[What you are asked to do]: The response must be made up of the lines in the entries below that contain "longrightarrow".

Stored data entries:
+ + +

(* Let $C_0,\beta_h,\gamma_h,\beta_v,\gamma_v>0$ with $\mathcal{R}_0=\sqrt{\frac{\beta_h}{\gamma_v}\cdot\frac{C_0\beta_v}{\gamma_h}}>1$. Let \[i_h^e=\frac{C_0\beta_h\beta_v-\gamma_h\gamma_v}{C_0\beta_h\beta_v+\beta_v\gamma_h},\quad i_v^e=\frac{C_0\beta_h\beta_v-\gamma_h\gamma_v}{\beta_h\beta_v+\beta_h\gamma_v},\quad s_h^e=1-i_h^e,\quad s_v^e=C_0-i_v^e,\] \[C_e=\begin{pmatrix}-(\gamma_h+\beta_h i_v^e)&0&\beta_h s_h^e\\-\beta_v s_v^e&-\beta_v i_h^e&\gamma_v\\ \beta_v s_v^e&\beta_v i_h^e&-\gamma_v\end{pmatrix},\quad \sigma_e=\begin{pmatrix}\sqrt{\beta_h i_v^e s_h^e+\gamma_h i_h^e}&0&0&0\\0&\sqrt{\gamma_v(C_0+s_v^e)}&-\sqrt{\beta_v i_h^e s_v^e}&0\\0&0&\sqrt{\beta_v i_h^e s_v^e}&\sqrt{\gamma_v i_v^e}\end{pmatrix}.\] Let $\mathbf{B}$ be a 4-dimensional standard Brownian motion and $\Phi(0)$ a random vector in $\mathbb{R}^3$ with finite second moments, independent of $\mathbf{B}$, and let $\Phi(t)=(\hat I_h(t),\hat S_v(t),\hat I_v(t))$ solve $d\Phi(t)=C_e\Phi(t)\,dt+\sigma_e\,d\mathbf{B}(t)$. Then the variances of $\hat I_h(t)$, $\hat S_v(t)$ and $\hat I_v(t)$ tend to $\infty$ as $t\to\infty$.
   Context: This is the diffusion limit of a stochastic vector-borne SIS model (random vector population size, Case I scaling, zero second-order parameter corrections) linearized at the endemic equilibrium $(i_h^e,i_v^e)$ of the fluid limit $i_h'=\beta_h i_v(1-i_h)-\gamma_h i_h$, $i_v'=\beta_v i_h(C_0-i_v)-\gamma_v i_v$. *)

theory Defs
  imports "HOL-Probability.Probability"
begin

definition ih_e :: "real \<Rightarrow> real \<Rightarrow> real \<Rightarrow> real \<Rightarrow> real \<Rightarrow> real" where
  "ih_e C0 bh gh bv gv = (C0*bh*bv - gh*gv) / (C0*bh*bv + bv*gh)"

definition iv_e :: "real \<Rightarrow> real \<Rightarrow> real \<Rightarrow> real \<Rightarrow> real \<Rightarrow> real" where
  "iv_e C0 bh gh bv gv = (C0*bh*bv - gh*gv) / (bh*bv + bh*gv)"

definition sh_e :: "real \<Rightarrow> real \<Rightarrow> real \<Rightarrow> real \<Rightarrow> real \<Rightarrow> real" where
  "sh_e C0 bh gh bv gv = 1 - ih_e C0 bh gh bv gv"

definition sv_e :: "real \<Rightarrow> real \<Rightarrow> real \<Rightarrow> real \<Rightarrow> real \<Rightarrow> real" where
  "sv_e C0 bh gh bv gv = C0 - iv_e C0 bh gh bv gv"

definition R0 :: "real \<Rightarrow> real \<Rightarrow> real \<Rightarrow> real \<Rightarrow> real \<Rightarrow> real" where
  "R0 C0 bh gh bv gv = sqrt ((bh / gv) * (C0 * bv / gh))"

definition C_e :: "real \<Rightarrow> real \<Rightarrow> real \<Rightarrow> real \<Rightarrow> real \<Rightarrow> real^3^3" where
  "C_e C0 bh gh bv gv =
     (let ih = ih_e C0 bh gh bv gv; iv = iv_e C0 bh gh bv gv;
          sh = sh_e C0 bh gh bv gv; sv = sv_e C0 bh gh bv gv in
      vector [vector [-(gh + bh*iv), 0, bh * sh],
              vector [-(bv * sv), -(bv*ih), gv],
              vector [bv * sv, bv*ih, -gv]])"

definition sigma_e :: "real \<Rightarrow> real \<Rightarrow> real \<Rightarrow> real \<Rightarrow> real \<Rightarrow> real^4^3" where
  "sigma_e C0 bh gh bv gv =
     (let ih = ih_e C0 bh gh bv gv; iv = iv_e C0 bh gh bv gv;
          sh = sh_e C0 bh gh bv gv; sv = sv_e C0 bh gh bv gv in
      vector [vector [sqrt (bh*iv * sh + gh*ih), 0, 0, 0],
              vector [0, sqrt (gv*(C0 + sv)), - sqrt (bv*ih * sv), 0],
              vector [0, 0, sqrt (bv*ih * sv), sqrt (gv*iv)]])"

definition std_BM1 :: "'a measure \<Rightarrow> (real \<Rightarrow> 'a \<Rightarrow> real) \<Rightarrow> bool" where
  "std_BM1 M W \<longleftrightarrow>
     prob_space M \<and>
     (\<forall>t\<ge>0. W t \<in> borel_measurable M) \<and>
     (\<forall>\<omega>\<in>space M. W 0 \<omega> = 0) \<and>
     (\<forall>\<omega>\<in>space M. continuous_on {0..} (\<lambda>t. W t \<omega>)) \<and>
     (\<forall>s t. 0 \<le> s \<and> s < t \<longrightarrow>
        distributed M lborel (\<lambda>\<omega>. W t \<omega> - W s \<omega>) (\<lambda>x. ennreal (normal_density 0 (sqrt (t - s)) x))) \<and>
     (\<forall>(u :: nat \<Rightarrow> real) n. 0 \<le> u 0 \<and> strict_mono u \<longrightarrow>
        prob_space.indep_vars M (\<lambda>_. borel) (\<lambda>i \<omega>. W (u (Suc i)) \<omega> - W (u i) \<omega>) {..<n})"

definition std_BM :: "'a measure \<Rightarrow> (real \<Rightarrow> 'a \<Rightarrow> real^'d) \<Rightarrow> bool" where
  "std_BM M B \<longleftrightarrow>
     (\<forall>k. std_BM1 M (\<lambda>t \<omega>. B t \<omega> $ k)) \<and>
     prob_space.indep_vars M (\<lambda>_. PiM {0..} (\<lambda>_. (borel :: real measure)))
        (\<lambda>k \<omega>. restrict (\<lambda>t. B t \<omega> $ k) {0..}) UNIV"

end

theory Submission
  imports Defs "HOL-Library.Quadratic_Discriminant"
begin

(* Drift C_e has the left null vector u0 = (0,1,1): the drift conserves the total vector
   population S_v + I_v.  Its other two eigenvalues are real and negative, with left eigenvectors
   u1, u2.  Along u0 the process is a Brownian motion, u0.Phi(t) = u0.Phi(0) + w.B(t) with
   w = u0 sigma_e <> 0, so its variance grows like |w|^2 t; along u1 and u2 it is of
   Ornstein-Uhlenbeck type and its second moment stays bounded.  Each coordinate of Phi is a
   combination of the three projections in which the u0-coefficient is nonzero, because the right
   null vector of C_e has no zero entry; hence every coordinate variance tends to infinity. *)

section \<open>Brownian motion\<close>

lemma std_BM1_increment_moments:
  assumes W: "std_BM1 M W" and st: "0 \<le> s" "s \<le> t"
  shows "integrable M (\<lambda>\<omega>. W t \<omega> - W s \<omega>)"
    and "prob_space.expectation M (\<lambda>\<omega>. W t \<omega> - W s \<omega>) = 0"
    and "integrable M (\<lambda>\<omega>. (W t \<omega> - W s \<omega>)\<^sup>2)"
    and "prob_space.expectation M (\<lambda>\<omega>. (W t \<omega> - W s \<omega>)\<^sup>2) = t - s"
proof -
  interpret prob_space M using W by (simp add: std_BM1_def)
  have "integrable M (\<lambda>\<omega>. W t \<omega> - W s \<omega>) \<and> expectation (\<lambda>\<omega>. W t \<omega> - W s \<omega>) = 0 \<and>
        integrable M (\<lambda>\<omega>. (W t \<omega> - W s \<omega>)\<^sup>2) \<and> expectation (\<lambda>\<omega>. (W t \<omega> - W s \<omega>)\<^sup>2) = t - s"
  proof (cases "s = t")
    case False
    then have lt: "s < t" using st by simp
    have D: "distributed M lborel (\<lambda>\<omega>. W t \<omega> - W s \<omega>) (\<lambda>x. ennreal (normal_density 0 (sqrt (t - s)) x))"
      using W st lt by (simp add: std_BM1_def)
    have sd: "0 < sqrt (t - s)" using lt by simp
    have "integrable lborel (\<lambda>x. normal_density 0 (sqrt (t - s)) x * x ^ k)" for k
      using integrable_normal_moment[OF sd, of 0 k] by simp
    from this[of 1] this[of 2] show ?thesis
      using distributed_integrable[OF D, of "\<lambda>x. x"] distributed_integrable[OF D, of "\<lambda>x. x\<^sup>2"]
        normal_distributed_expectation[OF sd D]
        distributed_integral[OF D, of "\<lambda>x. x\<^sup>2"] integral_normal_moment_even[OF sd, of 0 1] lt
      by (simp add: eval_nat_numeral)
  qed simp
  then show "integrable M (\<lambda>\<omega>. W t \<omega> - W s \<omega>)"
    "expectation (\<lambda>\<omega>. W t \<omega> - W s \<omega>) = 0"
    "integrable M (\<lambda>\<omega>. (W t \<omega> - W s \<omega>)\<^sup>2)"
    "expectation (\<lambda>\<omega>. (W t \<omega> - W s \<omega>)\<^sup>2) = t - s" by auto
qed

+ + +

[Result of the exercise]:
     (\<forall>s t. 0 \<le> s \<and> s < t \<longrightarrow>
     (\<forall>(u :: nat \<Rightarrow> real) n. 0 \<le> u 0 \<and> strict_mono u \<longrightarrow>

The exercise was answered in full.